South Africa fell short of cracking the winning code in World Cup 2011, stumbling to New Zealand in the quarterfinals at Dhaka.

Graeme Smith’s squad inflicted the only defeat on hosts India in the league phase, chasing down a target of 221 runs at Nagpur only to fall at the first hurdle in the knockout stage. South African-born India coach Gary Kirsten went through mixed emotions, sadness at SA exit and relief for easing India’s way.

South Africans are passionate about cricket, have talented players coming up the ranks like India and looked a team in form. The Cape Town-based Kirsten, working behind the scenes to mould Team India into a winning unit, attempts to analyse the mystery of SA’s abrupt exits in World Cups. “South Africa are a great cricket team. They continue to perform well. Everyone seems to focus on one event and that’s the World Cup and the knock out stages.”

Kirsten said the middle-order let SA down in 2011 WC. “For me the most important thing in those games is to have a huge amount of experience in the middle order. I just felt that SA was a little bit short on that in this WC and probably was their undoing,” said the Indian coach. He winces at the ‘choker’ tag on the team by the media. “It’s tough for them to go through because you guys really spin it big time the ‘chokers’ thing.
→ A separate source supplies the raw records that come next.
text \<open>Weak duality with complementary slackness.\<close>

lemma sdp_unique_optimum_of_certificate:
  fixes C :: "complex^'n^'n" and x :: "complex^'n" and d :: "'n \<Rightarrow> real"
  defines "S \<equiv> diag_mat d - C"
  assumes x: "unimodular x" and Sx: "S *v x = 0"
    and S_nonneg: "\<And>v. 0 \<le> Re (qform S v)"
    and S_kernel: "\<And>v. Re (qform S v) = 0 \<Longrightarrow> \<exists>c. v = c *s x"
    and X: "sdp_feasible X" and X_ne: "X \<noteq> outer x x"
  shows "Re (trace_c (C ** X)) < Re (trace_c (C ** outer x x))"
proof -
  obtain k :: nat and v where X_eq: "X = (\<Sum>l<k. outer (v l) (v l))"
    using X psd_eq_sum_outer unfolding sdp_feasible_def by blast
  have X_diag: "X$i$i = 1" for i using X unfolding sdp_feasible_def by blast
  have diag: "(\<Sum>l<k. (cmod (v l $ i))^2) = 1" for i
  proof -
    have "X$i$i = (\<Sum>l<k. v l $ i * cnj (v l $ i))" unfolding X_eq by (simp add: outer_def)
    also have "\<dots> = of_real (\<Sum>l<k. (cmod (v l $ i))^2)"
      unfolding of_real_sum by (intro sum.cong refl) (rule complex_norm_square[symmetric])
    finally show ?thesis using X_diag[of i] by (metis of_real_eq_1_iff)
  qed
  have Re_C: "Re (qform C w) = (\<Sum>i\<in>UNIV. d i * (cmod (w$i))^2) - Re (qform S w)" for w
    unfolding S_def qform_diff qform_diag_mat by simp
  have "Re (trace_c (C ** X)) = (\<Sum>l<k. \<Sum>i\<in>UNIV. d i * (cmod (v l $ i))^2) - (\<Sum>l<k. Re (qform S (v l)))"
    unfolding X_eq trace_mult_sum trace_mult_outer Re_sum Re_C by (simp add: sum_subtractf)
  also have "(\<Sum>l<k. \<Sum>i\<in>UNIV. d i * (cmod (v l $ i))^2) = (\<Sum>i\<in>UNIV. d i)"
    by (subst sum.swap) (simp add: sum_distrib_left[symmetric] diag)
  finally have tr_X: "Re (trace_c (C ** X)) = (\<Sum>i\<in>UNIV. d i) - (\<Sum>l<k. Re (qform S (v l)))" .
  have "Re (trace_c (C ** outer x x)) = (\<Sum>i\<in>UNIV. d i)"
    using x Sx unfolding trace_mult_outer Re_C by (simp add: qform_def unimodular_def)
  moreover have "0 < (\<Sum>l<k. Re (qform S (v l)))"
  proof (rule ccontr)
    assume "\<not> ?thesis"
    then have "(\<Sum>l<k. Re (qform S (v l))) = 0"
      using S_nonneg by (meson not_less order.antisym sum_nonneg)
    then have "\<exists>c. v l = c *s x" if "l < k" for l
      using that S_nonneg S_kernel by (simp add: sum_nonneg_eq_0_iff)
    then have "X = outer x x" using sum_outer_multiples_eq_outer[OF x X_eq X_diag] by blast
    with X_ne show False ..
  qed
  ultimately show ?thesis using tr_X by linarith
qed

lemma ln_le_sqrt: "1 \<le> x \<Longrightarrow> ln x \<le> sqrt x"
proof -
  assume x: "1 \<le> x"
  define q where "q = sqrt x"
  have q: "1 \<le> q" "x = q * q" using x by (auto simp: q_def)
  have "ln (q/2) \<le> q/2 - 1" using q by (intro ln_le_minus_one) auto
  moreover have "ln 2 \<le> (2::real) - 1" by (intro ln_le_minus_one) auto
  moreover have "ln (q/2) = ln q - ln 2" using q by (intro ln_divide_pos) auto
  moreover have "ln x = 2 * ln q" using q by (simp add: ln_mult_pos)
  ultimately show "ln x \<le> sqrt x" unfolding q_def[symmetric] by linarith
qed

lemma root_4_power2: "0 \<le> y \<Longrightarrow> (root 4 y)^2 = sqrt y"
proof -
  assume y: "0 \<le> y"
  have "((root 4 y)^2)^2 = y" using y by (simp flip: power_mult)
  then show ?thesis by (metis real_sqrt_unique zero_le_power2)
qed

lemma norm_diff_le_of_scaled_eq:
  fixes u v e :: complex and l m :: real
  assumes u: "cmod u = 1" and v: "cmod v = 1" and l: "0 \<le> l" and m: "0 < m"
    and eq: "of_real l * u = of_real m * v + e"
  shows "cmod (u - v) \<le> 2 * cmod e / m"
proof -
  define p where "p = of_real (l/m) * u"
  have "u - p = of_real (1 - l/m) * u" unfolding p_def by (simp add: algebra_simps)
  then have "cmod (u - p) = \<bar>1 - l/m\<bar>" using u by (simp only: norm_mult norm_of_real) simp
  also have "\<dots> = \<bar>cmod v - cmod p\<bar>"
    using u v l m unfolding p_def by (simp add: norm_mult norm_divide)
  also have "\<dots> \<le> cmod (p - v)" by (metis norm_minus_commute norm_triangle_ineq3)
  finally have "cmod (u - v) \<le> 2 * cmod (p - v)"
    using norm_triangle_ineq[of "u - p" "p - v"] by simp
  moreover have "p - v = e / of_real m" using eq m unfolding p_def by (simp add: field_simps)
  ultimately show ?thesis using m by (simp add: norm_divide)
qed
I understand opposition media using that, but what worries is when the SA media are putting it up there. It’s tough for an individual to deal with.”

The India coach feels SA’s best was not good enough in the quarterfinals. “I feel a little bit sad for them, but it was not a bad thing that they got knocked out early in the tournament,” said Kirsten, explaining the mixed emotions at Nagpur during the India-SA tie when national anthems of both nations were played. “South Africa is my home, but my heart was 100 per cent with the Indian team. It was my job and I certainly wanted India to be winning games, including against South Africa.”

Kirsten played 185 ODIs and 101 Test matches for SA and afterretirement in 2005, established an academy in Cape Town next year. The three-year assignment with Team India leading to WC 2011 was his first coaching assignment with a national squad.